Task statement — Look below for the line holding "by (simp add: prob_compl prob_X_le)" and the line holding "num_poor n \<omega> - 1". Transcribe exactly those lines and all lines between them, nothing more.
------ Listed records
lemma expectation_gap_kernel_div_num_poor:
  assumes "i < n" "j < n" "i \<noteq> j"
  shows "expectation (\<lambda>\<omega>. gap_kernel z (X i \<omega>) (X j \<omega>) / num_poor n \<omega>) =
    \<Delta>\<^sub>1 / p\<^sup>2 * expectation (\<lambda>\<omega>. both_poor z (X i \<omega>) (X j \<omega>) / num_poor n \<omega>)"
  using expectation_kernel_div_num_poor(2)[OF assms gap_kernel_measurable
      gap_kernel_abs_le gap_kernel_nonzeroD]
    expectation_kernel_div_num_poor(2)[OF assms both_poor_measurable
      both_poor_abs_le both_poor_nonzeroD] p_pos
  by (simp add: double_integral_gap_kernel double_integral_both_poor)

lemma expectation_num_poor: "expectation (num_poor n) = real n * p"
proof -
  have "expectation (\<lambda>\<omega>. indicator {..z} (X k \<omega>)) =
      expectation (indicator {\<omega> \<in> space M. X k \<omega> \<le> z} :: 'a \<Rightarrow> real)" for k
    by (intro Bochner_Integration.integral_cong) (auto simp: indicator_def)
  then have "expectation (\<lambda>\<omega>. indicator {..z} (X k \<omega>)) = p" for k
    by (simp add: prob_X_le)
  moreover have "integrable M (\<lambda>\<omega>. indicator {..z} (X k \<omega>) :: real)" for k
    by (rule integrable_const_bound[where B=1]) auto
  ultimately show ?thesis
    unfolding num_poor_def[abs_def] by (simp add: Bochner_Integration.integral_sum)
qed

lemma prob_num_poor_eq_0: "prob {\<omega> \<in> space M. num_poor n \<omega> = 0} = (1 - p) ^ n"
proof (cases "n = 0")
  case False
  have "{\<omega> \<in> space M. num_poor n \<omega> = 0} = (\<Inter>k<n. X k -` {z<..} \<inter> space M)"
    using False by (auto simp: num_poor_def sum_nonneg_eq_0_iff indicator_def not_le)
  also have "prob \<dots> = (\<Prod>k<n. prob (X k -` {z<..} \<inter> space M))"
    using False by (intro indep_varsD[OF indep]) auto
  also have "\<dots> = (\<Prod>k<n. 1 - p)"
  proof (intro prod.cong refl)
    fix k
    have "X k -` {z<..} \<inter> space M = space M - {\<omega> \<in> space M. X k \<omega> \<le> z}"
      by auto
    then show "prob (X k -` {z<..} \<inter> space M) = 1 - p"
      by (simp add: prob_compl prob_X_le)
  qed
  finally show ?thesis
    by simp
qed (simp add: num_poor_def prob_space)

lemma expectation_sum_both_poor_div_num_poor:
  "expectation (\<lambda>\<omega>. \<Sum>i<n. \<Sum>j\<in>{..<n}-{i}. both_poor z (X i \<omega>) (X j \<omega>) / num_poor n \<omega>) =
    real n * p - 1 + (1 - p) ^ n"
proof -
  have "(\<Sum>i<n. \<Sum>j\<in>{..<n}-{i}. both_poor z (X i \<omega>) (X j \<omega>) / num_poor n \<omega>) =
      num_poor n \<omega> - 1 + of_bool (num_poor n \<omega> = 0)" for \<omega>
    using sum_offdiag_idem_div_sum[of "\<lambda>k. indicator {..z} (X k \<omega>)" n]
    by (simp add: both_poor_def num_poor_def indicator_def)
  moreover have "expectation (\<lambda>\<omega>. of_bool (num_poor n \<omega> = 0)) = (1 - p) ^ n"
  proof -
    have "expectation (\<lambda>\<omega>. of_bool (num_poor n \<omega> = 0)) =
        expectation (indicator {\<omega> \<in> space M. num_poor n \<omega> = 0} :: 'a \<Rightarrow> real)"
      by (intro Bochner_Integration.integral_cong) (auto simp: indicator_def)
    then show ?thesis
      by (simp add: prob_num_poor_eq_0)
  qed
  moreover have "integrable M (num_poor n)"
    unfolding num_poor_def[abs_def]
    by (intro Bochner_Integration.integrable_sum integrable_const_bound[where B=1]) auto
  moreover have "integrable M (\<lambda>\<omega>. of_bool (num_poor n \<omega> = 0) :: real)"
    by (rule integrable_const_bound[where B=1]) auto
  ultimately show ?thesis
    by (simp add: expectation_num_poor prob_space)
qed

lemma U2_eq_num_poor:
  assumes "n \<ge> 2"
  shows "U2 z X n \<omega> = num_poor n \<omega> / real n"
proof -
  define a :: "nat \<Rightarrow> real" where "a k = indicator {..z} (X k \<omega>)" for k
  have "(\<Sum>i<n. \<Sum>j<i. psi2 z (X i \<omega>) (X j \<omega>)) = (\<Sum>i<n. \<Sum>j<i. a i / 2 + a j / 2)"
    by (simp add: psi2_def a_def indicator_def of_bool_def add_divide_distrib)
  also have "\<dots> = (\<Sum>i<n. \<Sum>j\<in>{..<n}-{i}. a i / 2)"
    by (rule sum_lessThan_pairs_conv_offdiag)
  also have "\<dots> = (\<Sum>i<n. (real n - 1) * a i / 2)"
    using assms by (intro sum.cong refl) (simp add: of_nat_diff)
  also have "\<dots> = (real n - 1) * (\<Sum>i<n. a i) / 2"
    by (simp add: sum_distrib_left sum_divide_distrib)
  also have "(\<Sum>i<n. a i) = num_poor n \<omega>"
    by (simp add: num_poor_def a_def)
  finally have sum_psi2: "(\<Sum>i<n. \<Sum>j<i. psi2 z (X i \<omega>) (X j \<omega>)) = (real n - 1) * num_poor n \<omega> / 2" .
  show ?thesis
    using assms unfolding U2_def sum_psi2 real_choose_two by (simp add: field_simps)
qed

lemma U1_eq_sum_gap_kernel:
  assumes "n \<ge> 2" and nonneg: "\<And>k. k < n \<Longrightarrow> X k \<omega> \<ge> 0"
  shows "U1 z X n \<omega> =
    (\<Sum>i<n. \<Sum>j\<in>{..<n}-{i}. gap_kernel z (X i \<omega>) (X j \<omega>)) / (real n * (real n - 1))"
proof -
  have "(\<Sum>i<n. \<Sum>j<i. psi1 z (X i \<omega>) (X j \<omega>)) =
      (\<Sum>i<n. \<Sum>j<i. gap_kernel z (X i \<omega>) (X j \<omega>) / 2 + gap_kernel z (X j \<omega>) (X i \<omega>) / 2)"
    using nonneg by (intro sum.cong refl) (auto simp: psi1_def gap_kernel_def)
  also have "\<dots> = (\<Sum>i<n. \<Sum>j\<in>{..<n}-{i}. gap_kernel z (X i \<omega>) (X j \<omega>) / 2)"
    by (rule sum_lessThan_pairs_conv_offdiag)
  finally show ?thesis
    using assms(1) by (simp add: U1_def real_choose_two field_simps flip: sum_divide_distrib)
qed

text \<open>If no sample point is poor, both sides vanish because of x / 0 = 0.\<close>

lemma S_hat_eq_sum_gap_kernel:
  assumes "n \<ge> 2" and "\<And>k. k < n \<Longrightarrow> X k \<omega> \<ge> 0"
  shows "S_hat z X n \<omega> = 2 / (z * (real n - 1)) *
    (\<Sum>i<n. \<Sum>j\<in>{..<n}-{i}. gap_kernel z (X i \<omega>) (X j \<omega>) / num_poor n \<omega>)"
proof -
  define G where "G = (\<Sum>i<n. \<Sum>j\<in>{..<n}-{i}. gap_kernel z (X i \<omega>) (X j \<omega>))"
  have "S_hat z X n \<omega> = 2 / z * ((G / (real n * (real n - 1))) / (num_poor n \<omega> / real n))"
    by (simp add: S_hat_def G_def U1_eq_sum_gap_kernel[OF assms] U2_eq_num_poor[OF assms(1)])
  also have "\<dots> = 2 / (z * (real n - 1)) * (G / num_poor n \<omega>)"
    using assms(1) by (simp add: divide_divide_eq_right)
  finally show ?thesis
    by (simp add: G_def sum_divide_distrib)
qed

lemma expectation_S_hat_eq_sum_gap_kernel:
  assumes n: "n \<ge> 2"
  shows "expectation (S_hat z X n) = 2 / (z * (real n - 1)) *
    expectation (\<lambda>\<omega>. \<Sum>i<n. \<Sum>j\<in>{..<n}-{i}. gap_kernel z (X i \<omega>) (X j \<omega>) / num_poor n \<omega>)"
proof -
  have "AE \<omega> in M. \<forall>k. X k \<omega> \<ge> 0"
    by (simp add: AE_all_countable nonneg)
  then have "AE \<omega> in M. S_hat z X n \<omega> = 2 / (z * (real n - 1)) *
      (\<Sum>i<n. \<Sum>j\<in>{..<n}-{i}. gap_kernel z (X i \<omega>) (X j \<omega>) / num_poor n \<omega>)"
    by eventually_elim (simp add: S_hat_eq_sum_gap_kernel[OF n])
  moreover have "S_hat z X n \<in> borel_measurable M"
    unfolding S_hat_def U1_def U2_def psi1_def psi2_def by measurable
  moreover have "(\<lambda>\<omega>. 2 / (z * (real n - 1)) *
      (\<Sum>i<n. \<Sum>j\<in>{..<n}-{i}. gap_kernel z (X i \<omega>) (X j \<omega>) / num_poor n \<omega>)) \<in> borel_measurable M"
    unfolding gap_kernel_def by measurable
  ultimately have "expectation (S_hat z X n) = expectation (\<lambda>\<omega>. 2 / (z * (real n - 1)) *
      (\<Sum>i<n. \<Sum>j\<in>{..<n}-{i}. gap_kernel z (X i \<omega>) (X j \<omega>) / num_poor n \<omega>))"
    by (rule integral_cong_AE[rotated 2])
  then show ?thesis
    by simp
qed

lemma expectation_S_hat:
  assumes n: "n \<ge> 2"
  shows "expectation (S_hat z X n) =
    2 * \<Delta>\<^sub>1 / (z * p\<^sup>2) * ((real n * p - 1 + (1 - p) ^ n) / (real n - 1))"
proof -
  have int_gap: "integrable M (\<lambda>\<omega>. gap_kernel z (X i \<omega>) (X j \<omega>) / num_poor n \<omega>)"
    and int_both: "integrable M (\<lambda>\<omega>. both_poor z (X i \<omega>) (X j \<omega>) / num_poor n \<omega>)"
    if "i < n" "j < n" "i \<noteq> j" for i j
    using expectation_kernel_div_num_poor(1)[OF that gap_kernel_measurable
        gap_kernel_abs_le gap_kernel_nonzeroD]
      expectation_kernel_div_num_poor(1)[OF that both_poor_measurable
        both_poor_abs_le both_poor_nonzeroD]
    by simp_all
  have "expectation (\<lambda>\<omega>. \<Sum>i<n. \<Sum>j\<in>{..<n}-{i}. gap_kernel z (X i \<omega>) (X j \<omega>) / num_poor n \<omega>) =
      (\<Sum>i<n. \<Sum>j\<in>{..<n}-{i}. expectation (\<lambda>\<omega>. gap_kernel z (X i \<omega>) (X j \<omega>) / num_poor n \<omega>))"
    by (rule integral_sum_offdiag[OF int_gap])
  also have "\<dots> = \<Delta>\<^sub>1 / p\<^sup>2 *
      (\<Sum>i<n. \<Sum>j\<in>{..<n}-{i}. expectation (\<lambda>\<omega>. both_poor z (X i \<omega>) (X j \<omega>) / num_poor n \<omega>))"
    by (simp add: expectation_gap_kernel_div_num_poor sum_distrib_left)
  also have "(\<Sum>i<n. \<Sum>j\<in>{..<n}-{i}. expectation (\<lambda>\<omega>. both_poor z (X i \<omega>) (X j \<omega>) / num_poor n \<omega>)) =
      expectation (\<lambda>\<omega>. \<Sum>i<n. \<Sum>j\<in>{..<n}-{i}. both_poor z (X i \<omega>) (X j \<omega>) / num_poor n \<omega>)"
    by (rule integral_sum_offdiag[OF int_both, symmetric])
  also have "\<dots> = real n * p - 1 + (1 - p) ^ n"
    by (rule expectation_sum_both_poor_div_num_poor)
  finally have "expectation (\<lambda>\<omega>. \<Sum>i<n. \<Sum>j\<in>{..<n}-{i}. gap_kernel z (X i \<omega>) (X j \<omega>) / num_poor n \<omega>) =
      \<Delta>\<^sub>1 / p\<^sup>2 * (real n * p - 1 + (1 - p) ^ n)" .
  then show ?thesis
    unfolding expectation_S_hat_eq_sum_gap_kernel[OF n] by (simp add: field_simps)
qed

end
------------
Your solution —
      by (simp add: prob_compl prob_X_le)
  qed
  finally show ?thesis
    by simp
qed (simp add: num_poor_def prob_space)

lemma expectation_sum_both_poor_div_num_poor:
  "expectation (\<lambda>\<omega>. \<Sum>i<n. \<Sum>j\<in>{..<n}-{i}. both_poor z (X i \<omega>) (X j \<omega>) / num_poor n \<omega>) =
    real n * p - 1 + (1 - p) ^ n"
proof -
  have "(\<Sum>i<n. \<Sum>j\<in>{..<n}-{i}. both_poor z (X i \<omega>) (X j \<omega>) / num_poor n \<omega>) =
      num_poor n \<omega> - 1 + of_bool (num_poor n \<omega> = 0)" for \<omega>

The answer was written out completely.